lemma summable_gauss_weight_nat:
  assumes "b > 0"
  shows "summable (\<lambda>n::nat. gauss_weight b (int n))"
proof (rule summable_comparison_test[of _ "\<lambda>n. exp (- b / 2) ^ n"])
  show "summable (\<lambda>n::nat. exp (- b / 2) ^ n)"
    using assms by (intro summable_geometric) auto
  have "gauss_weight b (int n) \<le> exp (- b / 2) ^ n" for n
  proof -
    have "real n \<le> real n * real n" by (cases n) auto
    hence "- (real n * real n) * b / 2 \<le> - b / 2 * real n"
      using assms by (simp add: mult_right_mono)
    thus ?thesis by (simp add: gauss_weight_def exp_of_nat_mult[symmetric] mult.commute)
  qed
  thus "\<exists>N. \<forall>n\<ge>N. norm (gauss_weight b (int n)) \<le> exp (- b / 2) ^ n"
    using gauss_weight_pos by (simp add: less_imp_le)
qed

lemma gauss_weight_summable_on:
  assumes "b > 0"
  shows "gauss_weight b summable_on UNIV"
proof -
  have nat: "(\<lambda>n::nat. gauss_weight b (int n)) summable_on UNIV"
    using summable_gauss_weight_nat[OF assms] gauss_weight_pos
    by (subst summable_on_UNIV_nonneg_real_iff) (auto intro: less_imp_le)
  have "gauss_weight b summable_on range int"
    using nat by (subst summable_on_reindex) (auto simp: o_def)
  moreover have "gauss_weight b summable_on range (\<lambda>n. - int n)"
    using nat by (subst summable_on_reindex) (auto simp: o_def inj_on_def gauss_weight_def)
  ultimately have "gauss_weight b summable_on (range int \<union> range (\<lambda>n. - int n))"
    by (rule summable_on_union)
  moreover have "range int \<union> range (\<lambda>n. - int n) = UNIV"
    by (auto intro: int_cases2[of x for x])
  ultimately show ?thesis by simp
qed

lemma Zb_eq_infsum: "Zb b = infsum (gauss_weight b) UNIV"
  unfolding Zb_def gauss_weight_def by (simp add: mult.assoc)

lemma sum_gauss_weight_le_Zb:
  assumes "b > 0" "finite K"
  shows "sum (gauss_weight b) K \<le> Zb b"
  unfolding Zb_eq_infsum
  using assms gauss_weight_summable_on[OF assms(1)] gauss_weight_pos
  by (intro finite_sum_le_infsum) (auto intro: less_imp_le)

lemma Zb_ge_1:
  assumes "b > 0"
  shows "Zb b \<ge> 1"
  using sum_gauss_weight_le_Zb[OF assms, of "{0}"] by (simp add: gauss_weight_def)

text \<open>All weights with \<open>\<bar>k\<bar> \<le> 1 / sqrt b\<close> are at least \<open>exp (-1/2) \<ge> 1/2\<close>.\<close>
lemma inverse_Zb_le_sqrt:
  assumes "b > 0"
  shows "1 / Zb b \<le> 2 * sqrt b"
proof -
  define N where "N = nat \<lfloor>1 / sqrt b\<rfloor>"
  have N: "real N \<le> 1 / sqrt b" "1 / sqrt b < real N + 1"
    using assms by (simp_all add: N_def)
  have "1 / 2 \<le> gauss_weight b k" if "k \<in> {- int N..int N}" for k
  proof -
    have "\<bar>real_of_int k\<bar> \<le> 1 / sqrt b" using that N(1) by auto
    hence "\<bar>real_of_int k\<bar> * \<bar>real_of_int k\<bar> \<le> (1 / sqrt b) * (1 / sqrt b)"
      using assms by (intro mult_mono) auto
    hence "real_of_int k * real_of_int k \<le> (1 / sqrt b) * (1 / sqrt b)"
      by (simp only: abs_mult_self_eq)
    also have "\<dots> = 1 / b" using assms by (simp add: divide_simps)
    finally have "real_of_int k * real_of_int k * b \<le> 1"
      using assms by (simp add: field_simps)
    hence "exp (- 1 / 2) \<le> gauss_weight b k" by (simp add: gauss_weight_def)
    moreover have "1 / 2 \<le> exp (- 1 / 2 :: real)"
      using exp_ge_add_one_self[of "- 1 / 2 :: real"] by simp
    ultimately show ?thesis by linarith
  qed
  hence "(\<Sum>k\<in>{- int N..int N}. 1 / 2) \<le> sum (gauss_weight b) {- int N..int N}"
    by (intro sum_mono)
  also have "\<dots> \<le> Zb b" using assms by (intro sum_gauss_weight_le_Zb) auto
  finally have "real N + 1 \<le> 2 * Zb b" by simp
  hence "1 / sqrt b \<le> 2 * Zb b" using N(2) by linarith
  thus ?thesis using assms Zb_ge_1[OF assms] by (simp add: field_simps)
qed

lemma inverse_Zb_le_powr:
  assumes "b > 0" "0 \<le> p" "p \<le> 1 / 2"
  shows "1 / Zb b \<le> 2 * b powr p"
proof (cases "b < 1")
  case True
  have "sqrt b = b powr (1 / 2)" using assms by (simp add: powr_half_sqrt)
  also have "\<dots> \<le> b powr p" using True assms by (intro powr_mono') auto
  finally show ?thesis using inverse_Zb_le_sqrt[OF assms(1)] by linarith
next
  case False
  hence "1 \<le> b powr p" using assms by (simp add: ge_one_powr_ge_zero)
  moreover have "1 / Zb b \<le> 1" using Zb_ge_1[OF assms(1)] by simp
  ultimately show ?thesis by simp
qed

▶ WHAT THE TASK ASKS
Give the data again. Keep every line identical.

▶ WRITTEN RESPONSE
lemma summable_gauss_weight_nat:
  assumes "b > 0"
  shows "summable (\<lambda>n::nat. gauss_weight b (int n))"
proof (rule summable_comparison_test[of _ "\<lambda>n. exp (- b / 2) ^ n"])
  show "summable (\<lambda>n::nat. exp (- b / 2) ^ n)"
    using assms by (intro summable_geometric) auto
  have "gauss_weight b (int n) \<le> exp (- b / 2) ^ n" for n
  proof -
    have "real n \<le> real n * real n" by (cases n) auto
    hence "- (real n * real n) * b / 2 \<le> - b / 2 * real n"
      using assms by (simp add: mult_right_mono)
    thus ?thesis by (simp add: gauss_weight_def exp_of_nat_mult[symmetric] mult.commute)
  qed
  thus "\<exists>N. \<forall>n\<ge>N. norm (gauss_weight b (int n)) \<le> exp (- b / 2) ^ n"
    using gauss_weight_pos by (simp add: less_imp_le)
qed

lemma gauss_weight_summable_on:
  assumes "b > 0"
  shows "gauss_weight b summable_on UNIV"
proof -
  have nat: "(\<lambda>n::nat. gauss_weight b (int n)) summable_on UNIV"
    using summable_gauss_weight_nat[OF assms] gauss_weight_pos
    by (subst summable_on_UNIV_nonneg_real_iff) (auto intro: less_imp_le)
  have "gauss_weight b summable_on range int"
    using nat by (subst summable_on_reindex) (auto simp: o_def)
  moreover have "gauss_weight b summable_on range (\<lambda>n. - int n)"
    using nat by (subst summable_on_reindex) (auto simp: o_def inj_on_def gauss_weight_def)
  ultimately have "gauss_weight b summable_on (range int \<union> range (\<lambda>n. - int n))"
    by (rule summable_on_union)
  moreover have "range int \<union> range (\<lambda>n. - int n) = UNIV"
    by (auto intro: int_cases2[of x for x])
  ultimately show ?thesis by simp
qed

lemma Zb_eq_infsum: "Zb b = infsum (gauss_weight b) UNIV"
  unfolding Zb_def gauss_weight_def by (simp add: mult.assoc)

lemma sum_gauss_weight_le_Zb:
  assumes "b > 0" "finite K"
  shows "sum (gauss_weight b) K \<le> Zb b"
  unfolding Zb_eq_infsum
  using assms gauss_weight_summable_on[OF assms(1)] gauss_weight_pos
  by (intro finite_sum_le_infsum) (auto intro: less_imp_le)

lemma Zb_ge_1:
  assumes "b > 0"
  shows "Zb b \<ge> 1"
  using sum_gauss_weight_le_Zb[OF assms, of "{0}"] by (simp add: gauss_weight_def)

text \<open>All weights with \<open>\<bar>k\<bar> \<le> 1 / sqrt b\<close> are at least \<open>exp (-1/2) \<ge> 1/2\<close>.\<close>
lemma inverse_Zb_le_sqrt:
  assumes "b > 0"
  shows "1 / Zb b \<le> 2 * sqrt b"
proof -
  define N where "N = nat \<lfloor>1 / sqrt b\<rfloor>"
  have N: "real N \<le> 1 / sqrt b" "1 / sqrt b < real N + 1"
    using assms by (simp_all add: N_def)
  have "1 / 2 \<le> gauss_weight b k" if "k \<in> {- int N..int N}" for k
  proof -
    have "\<bar>real_of_int k\<bar> \<le> 1 / sqrt b" using that N(1) by auto
    hence "\<bar>real_of_int k\<bar> * \<bar>real_of_int k\<bar> \<le> (1 / sqrt b) * (1 / sqrt b)"
      using assms by (intro mult_mono) auto
    hence "real_of_int k * real_of_int k \<le> (1 / sqrt b) * (1 / sqrt b)"
      by (simp only: abs_mult_self_eq)
    also have "\<dots> = 1 / b" using assms by (simp add: divide_simps)
    finally have "real_of_int k * real_of_int k * b \<le> 1"
      using assms by (simp add: field_simps)
    hence "exp (- 1 / 2) \<le> gauss_weight b k" by (simp add: gauss_weight_def)
    moreover have "1 / 2 \<le> exp (- 1 / 2 :: real)"
      using exp_ge_add_one_self[of "- 1 / 2 :: real"] by simp
    ultimately show ?thesis by linarith
  qed
  hence "(\<Sum>k\<in>{- int N..int N}. 1 / 2) \<le> sum (gauss_weight b) {- int N..int N}"
    by (intro sum_mono)
  also have "\<dots> \<le> Zb b" using assms by (intro sum_gauss_weight_le_Zb) auto
  finally have "real N + 1 \<le> 2 * Zb b" by simp
  hence "1 / sqrt b \<le> 2 * Zb b" using N(2) by linarith
  thus ?thesis using assms Zb_ge_1[OF assms] by (simp add: field_simps)
qed

lemma inverse_Zb_le_powr:
  assumes "b > 0" "0 \<le> p" "p \<le> 1 / 2"
  shows "1 / Zb b \<le> 2 * b powr p"
proof (cases "b < 1")
  case True
  have "sqrt b = b powr (1 / 2)" using assms by (simp add: powr_half_sqrt)
  also have "\<dots> \<le> b powr p" using True assms by (intro powr_mono') auto
  finally show ?thesis using inverse_Zb_le_sqrt[OF assms(1)] by linarith
next
  case False
  hence "1 \<le> b powr p" using assms by (simp add: ge_one_powr_ge_zero)
  moreover have "1 / Zb b \<le> 1" using Zb_ge_1[OF assms(1)] by simp
  ultimately show ?thesis by simp
qed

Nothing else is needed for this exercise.